╭──
lemma set_integral_pro_coverage_ge:
  assumes A: "A \<in> sets (BA_algebra \<epsilon> ph n (mar_data n Q p))"
  shows "(1 - \<alpha>) / odds_factor * measure (mar_data n Q p) A
    \<le> (\<integral>\<omega>\<in>A. pro_coverage \<alpha> \<epsilon> ph s n \<omega> \<partial>mar_data n Q p)"
proof -
  let ?\<Omega> = "mar_data n Q p" and ?f = "pro_coverage \<alpha> \<epsilon> ph s n" and ?c = "(1 - \<alpha>) / odds_factor"
  interpret \<Omega>: prob_space ?\<Omega> by (rule prob_space_mar_data)
  obtain B where B: "B \<subseteq> label_space n" and A_UN: "A = (\<Union>v\<in>B. label_atom n v)"
    using A by (rule sets_BA_algebra_eq_UN_atoms)
  have countable: "countable B" using B countable_label_space by (rule countable_subset)
  have disjoint: "disjoint_family_on (label_atom n) B"
    using disjoint_family_on_label_atoms B by (rule disjoint_family_on_mono[rotated])
  have A_sets: "A \<in> sets ?\<Omega>" using A subalgebra_BA_algebra unfolding subalgebra_def by auto
  have f: "0 \<le> ?f \<omega>" "?f \<omega> \<le> 1" for \<omega>
    unfolding pro_coverage_eq_score_coverage[OF \<alpha>(2)] by (rule score_coverage_bounds)+
  have f_measurable: "(\<lambda>\<omega>. ennreal (?f \<omega>)) \<in> borel_measurable ?\<Omega>"
    using pro_coverage_measurable by measurable
  have c: "0 \<le> ?c" using \<alpha> odds_factor_ge_1 by simp
  have "ennreal ?c * emeasure ?\<Omega> A = ennreal ?c * (\<integral>\<^sup>+v. emeasure ?\<Omega> (label_atom n v) \<partial>count_space B)"
    unfolding A_UN by (subst emeasure_UN_countable[OF atom_sets countable disjoint]) simp
  also have "\<dots> = (\<integral>\<^sup>+v. ennreal ?c * emeasure ?\<Omega> (label_atom n v) \<partial>count_space B)"
    by (rule nn_integral_cmult[symmetric]) simp
  also have "\<dots> \<le> (\<integral>\<^sup>+v. (\<integral>\<^sup>+\<omega>. ennreal (?f \<omega>) * indicator (label_atom n v) \<omega> \<partial>?\<Omega>) \<partial>count_space B)"
    by (intro nn_integral_mono atom_coverage_bound)
  also have "\<dots> = (\<integral>\<^sup>+v. emeasure (density ?\<Omega> (\<lambda>\<omega>. ennreal (?f \<omega>))) (label_atom n v) \<partial>count_space B)"
    by (intro nn_integral_cong) (simp add: emeasure_density[OF f_measurable atom_sets])
  also have "\<dots> = emeasure (density ?\<Omega> (\<lambda>\<omega>. ennreal (?f \<omega>))) A"
    unfolding A_UN by (rule emeasure_UN_countable[symmetric]) (use atom_sets countable disjoint in auto)
  also have "\<dots> = (\<integral>\<^sup>+\<omega>. ennreal (indicator A \<omega> * ?f \<omega>) \<partial>?\<Omega>)"
    by (subst emeasure_density[OF f_measurable A_sets]) (auto intro!: nn_integral_cong simp: indicator_def)
  also have "\<dots> = ennreal (\<integral>\<omega>\<in>A. ?f \<omega> \<partial>?\<Omega>)"
    using integrable_real_mult_indicator[OF A_sets integrable_pro_coverage] f
    unfolding set_lebesgue_integral_def real_scaleR_def
    by (intro nn_integral_eq_integral) (auto simp: mult.commute)
  finally have "ennreal ?c * ennreal (measure ?\<Omega> A) \<le> ennreal (\<integral>\<omega>\<in>A. ?f \<omega> \<partial>?\<Omega>)"
    by (simp add: \<Omega>.emeasure_eq_measure)
  hence "ennreal (?c * measure ?\<Omega> A) \<le> ennreal (\<integral>\<omega>\<in>A. ?f \<omega> \<partial>?\<Omega>)"
    by (simp only: ennreal_mult[OF c measure_nonneg])
  moreover have "0 \<le> (\<integral>\<omega>\<in>A. ?f \<omega> \<partial>?\<Omega>)"
    using f by (simp add: set_lebesgue_integral_def)
  ultimately show ?thesis by (simp add: ennreal_le_iff)
qed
╰──
## TASK DIRECTIONS:
In full and without change, transcribe the entries.

## ANSWER TO THIS TASK:
lemma set_integral_pro_coverage_ge:
  assumes A: "A \<in> sets (BA_algebra \<epsilon> ph n (mar_data n Q p))"
  shows "(1 - \<alpha>) / odds_factor * measure (mar_data n Q p) A
    \<le> (\<integral>\<omega>\<in>A. pro_coverage \<alpha> \<epsilon> ph s n \<omega> \<partial>mar_data n Q p)"
proof -
  let ?\<Omega> = "mar_data n Q p" and ?f = "pro_coverage \<alpha> \<epsilon> ph s n" and ?c = "(1 - \<alpha>) / odds_factor"
  interpret \<Omega>: prob_space ?\<Omega> by (rule prob_space_mar_data)
  obtain B where B: "B \<subseteq> label_space n" and A_UN: "A = (\<Union>v\<in>B. label_atom n v)"
    using A by (rule sets_BA_algebra_eq_UN_atoms)
  have countable: "countable B" using B countable_label_space by (rule countable_subset)
  have disjoint: "disjoint_family_on (label_atom n) B"
    using disjoint_family_on_label_atoms B by (rule disjoint_family_on_mono[rotated])
  have A_sets: "A \<in> sets ?\<Omega>" using A subalgebra_BA_algebra unfolding subalgebra_def by auto
  have f: "0 \<le> ?f \<omega>" "?f \<omega> \<le> 1" for \<omega>
    unfolding pro_coverage_eq_score_coverage[OF \<alpha>(2)] by (rule score_coverage_bounds)+
  have f_measurable: "(\<lambda>\<omega>. ennreal (?f \<omega>)) \<in> borel_measurable ?\<Omega>"
    using pro_coverage_measurable by measurable
  have c: "0 \<le> ?c" using \<alpha> odds_factor_ge_1 by simp
  have "ennreal ?c * emeasure ?\<Omega> A = ennreal ?c * (\<integral>\<^sup>+v. emeasure ?\<Omega> (label_atom n v) \<partial>count_space B)"
    unfolding A_UN by (subst emeasure_UN_countable[OF atom_sets countable disjoint]) simp
  also have "\<dots> = (\<integral>\<^sup>+v. ennreal ?c * emeasure ?\<Omega> (label_atom n v) \<partial>count_space B)"
    by (rule nn_integral_cmult[symmetric]) simp
  also have "\<dots> \<le> (\<integral>\<^sup>+v. (\<integral>\<^sup>+\<omega>. ennreal (?f \<omega>) * indicator (label_atom n v) \<omega> \<partial>?\<Omega>) \<partial>count_space B)"
    by (intro nn_integral_mono atom_coverage_bound)
  also have "\<dots> = (\<integral>\<^sup>+v. emeasure (density ?\<Omega> (\<lambda>\<omega>. ennreal (?f \<omega>))) (label_atom n v) \<partial>count_space B)"
    by (intro nn_integral_cong) (simp add: emeasure_density[OF f_measurable atom_sets])
  also have "\<dots> = emeasure (density ?\<Omega> (\<lambda>\<omega>. ennreal (?f \<omega>))) A"
    unfolding A_UN by (rule emeasure_UN_countable[symmetric]) (use atom_sets countable disjoint in auto)
  also have "\<dots> = (\<integral>\<^sup>+\<omega>. ennreal (indicator A \<omega> * ?f \<omega>) \<partial>?\<Omega>)"
    by (subst emeasure_density[OF f_measurable A_sets]) (auto intro!: nn_integral_cong simp: indicator_def)
  also have "\<dots> = ennreal (\<integral>\<omega>\<in>A. ?f \<omega> \<partial>?\<Omega>)"
    using integrable_real_mult_indicator[OF A_sets integrable_pro_coverage] f
    unfolding set_lebesgue_integral_def real_scaleR_def
    by (intro nn_integral_eq_integral) (auto simp: mult.commute)
  finally have "ennreal ?c * ennreal (measure ?\<Omega> A) \<le> ennreal (\<integral>\<omega>\<in>A. ?f \<omega> \<partial>?\<Omega>)"
    by (simp add: \<Omega>.emeasure_eq_measure)
  hence "ennreal (?c * measure ?\<Omega> A) \<le> ennreal (\<integral>\<omega>\<in>A. ?f \<omega> \<partial>?\<Omega>)"
    by (simp only: ennreal_mult[OF c measure_nonneg])
  moreover have "0 \<le> (\<integral>\<omega>\<in>A. ?f \<omega> \<partial>?\<Omega>)"
    using f by (simp add: set_lebesgue_integral_def)
  ultimately show ?thesis by (simp add: ennreal_le_iff)
qed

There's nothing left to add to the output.